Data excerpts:
╔══
lemma emeasure_exponential_convolution_atMost:
  assumes "0 < l" "0 < m"
  shows "emeasure (density lborel (exponential_density l) \<star> density lborel (exponential_density m)) {..t}
    = \<integral>\<^sup>+x. ennreal (exponential_density l x) * ennreal (erlang_CDF 0 m (t - x)) \<partial>lborel"
proof -
  let ?M = "density lborel (exponential_density l)" and ?N = "density lborel (exponential_density m)"
  have "finite_measure ?M" "finite_measure ?N"
    using prob_space_exponential_density assms by (simp_all add: prob_space_def)
  then have "emeasure (?M \<star> ?N) {..t} = \<integral>\<^sup>+x. emeasure ?N {y. y + x \<in> {..t}} \<partial>?M"
    by (intro convolution_emeasure) auto
  also have "\<dots> = \<integral>\<^sup>+x. ennreal (erlang_CDF 0 m (t - x)) \<partial>?M"
  proof (intro nn_integral_cong)
    fix x :: real
    have "{y. y + x \<in> {..t}} = {..t - x}" by auto
    then show "emeasure ?N {y. y + x \<in> {..t}} = ennreal (erlang_CDF 0 m (t - x))"
      by (simp add: emeasure_erlang_density assms)
  qed
  also have "\<dots> = \<integral>\<^sup>+x. ennreal (exponential_density l x) * ennreal (erlang_CDF 0 m (t - x)) \<partial>lborel"
    by (subst nn_integral_density) (auto simp: exponential_density_def erlang_CDF_def)
  finally show ?thesis .
qed

lemma nn_integral_exponential_convolution:
  assumes l: "0 < l" and m: "0 < m" and lm: "l \<noteq> m" and t: "0 \<le> t"
  shows "(\<integral>\<^sup>+x. ennreal (exponential_density l x) * ennreal (erlang_CDF 0 m (t - x)) \<partial>lborel)
      = ennreal (1 - (m * exp (- l * t) - l * exp (- m * t)) / (m - l))"
    and "0 \<le> 1 - (m * exp (- l * t) - l * exp (- m * t)) / (m - l)"
proof -
  let ?f = "\<lambda>x. l * exp (- l * x) - l * exp ((m - l) * x - m * t)"
  let ?F = "\<lambda>x. - exp (- l * x) - l / (m - l) * exp ((m - l) * x - m * t)"
  have F': "DERIV ?F x :> ?f x" for x
    by (rule derivative_eq_intros refl)+ (use lm in \<open>simp add: field_simps\<close>)
  have f_nonneg: "0 \<le> ?f x" if "x \<le> t" for x
  proof -
    have "exp ((m - l) * x - m * t) \<le> exp (- l * x)"
      using that m by (simp add: algebra_simps mult_left_mono)
    then show ?thesis using l by (simp add: mult_left_mono algebra_simps)
  qed
  have F_diff: "?F t - ?F 0 = 1 - (m * exp (- l * t) - l * exp (- m * t)) / (m - l)"
  proof -
    have "m - l \<noteq> 0" using lm by simp
    then have "(m * exp (- l * t) - l * exp (- m * t)) / (m - l)
        = exp (- l * t) + l / (m - l) * (exp (- l * t) - exp (- m * t))"
      by (simp add: field_simps)
    then show ?thesis by (simp add: algebra_simps)
  qed
  have "?F 0 \<le> ?F t"
  proof (rule DERIV_nonneg_imp_nondecreasing[of 0 t ?F])
    fix x assume "0 \<le> x" "x \<le> t"
    then show "\<exists>y. DERIV ?F x :> y \<and> 0 \<le> y" using F' f_nonneg by blast
  qed (use t in simp)
  then show "0 \<le> 1 - (m * exp (- l * t) - l * exp (- m * t)) / (m - l)"
    using F_diff by simp
  have "(\<integral>\<^sup>+x. ennreal (exponential_density l x) * ennreal (erlang_CDF 0 m (t - x)) \<partial>lborel)
      = \<integral>\<^sup>+x. ennreal (?f x) * indicator {0..t} x \<partial>lborel"
  proof (intro nn_integral_cong)
    fix x :: real
    have "exp (- l * x) * exp (- m * (t - x)) = exp ((m - l) * x - m * t)"
      by (simp add: algebra_simps flip: exp_add)
    then have "l * exp (- l * x) * (1 - exp (- m * (t - x))) = ?f x"
      by (simp add: algebra_simps)
    then show "ennreal (exponential_density l x) * ennreal (erlang_CDF 0 m (t - x))
        = ennreal (?f x) * indicator {0..t} x"
      using l by (cases "0 \<le> x \<and> x \<le> t")
        (auto simp: exponential_density_def erlang_CDF_def mult.commute simp flip: ennreal_mult')
  qed
  also have "\<dots> = ennreal (?F t - ?F 0)"
    using t F' f_nonneg by (intro nn_integral_FTC_Icc) auto
  finally show "(\<integral>\<^sup>+x. ennreal (exponential_density l x) * ennreal (erlang_CDF 0 m (t - x)) \<partial>lborel)
      = ennreal (1 - (m * exp (- l * t) - l * exp (- m * t)) / (m - l))"
    by (simp only: F_diff)
qed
╚══
List each line of the entries that holds the string "dots".

  also have "\<dots> = \<integral>\<^sup>+x. ennreal (erlang_CDF 0 m (t - x)) \<partial>?M"
  also have "\<dots> = \<integral>\<^sup>+x. ennreal (exponential_density l x) * ennreal (erlang_CDF 0 m (t - x)) \<partial>lborel"
  also have "\<dots> = ennreal (?F t - ?F 0)"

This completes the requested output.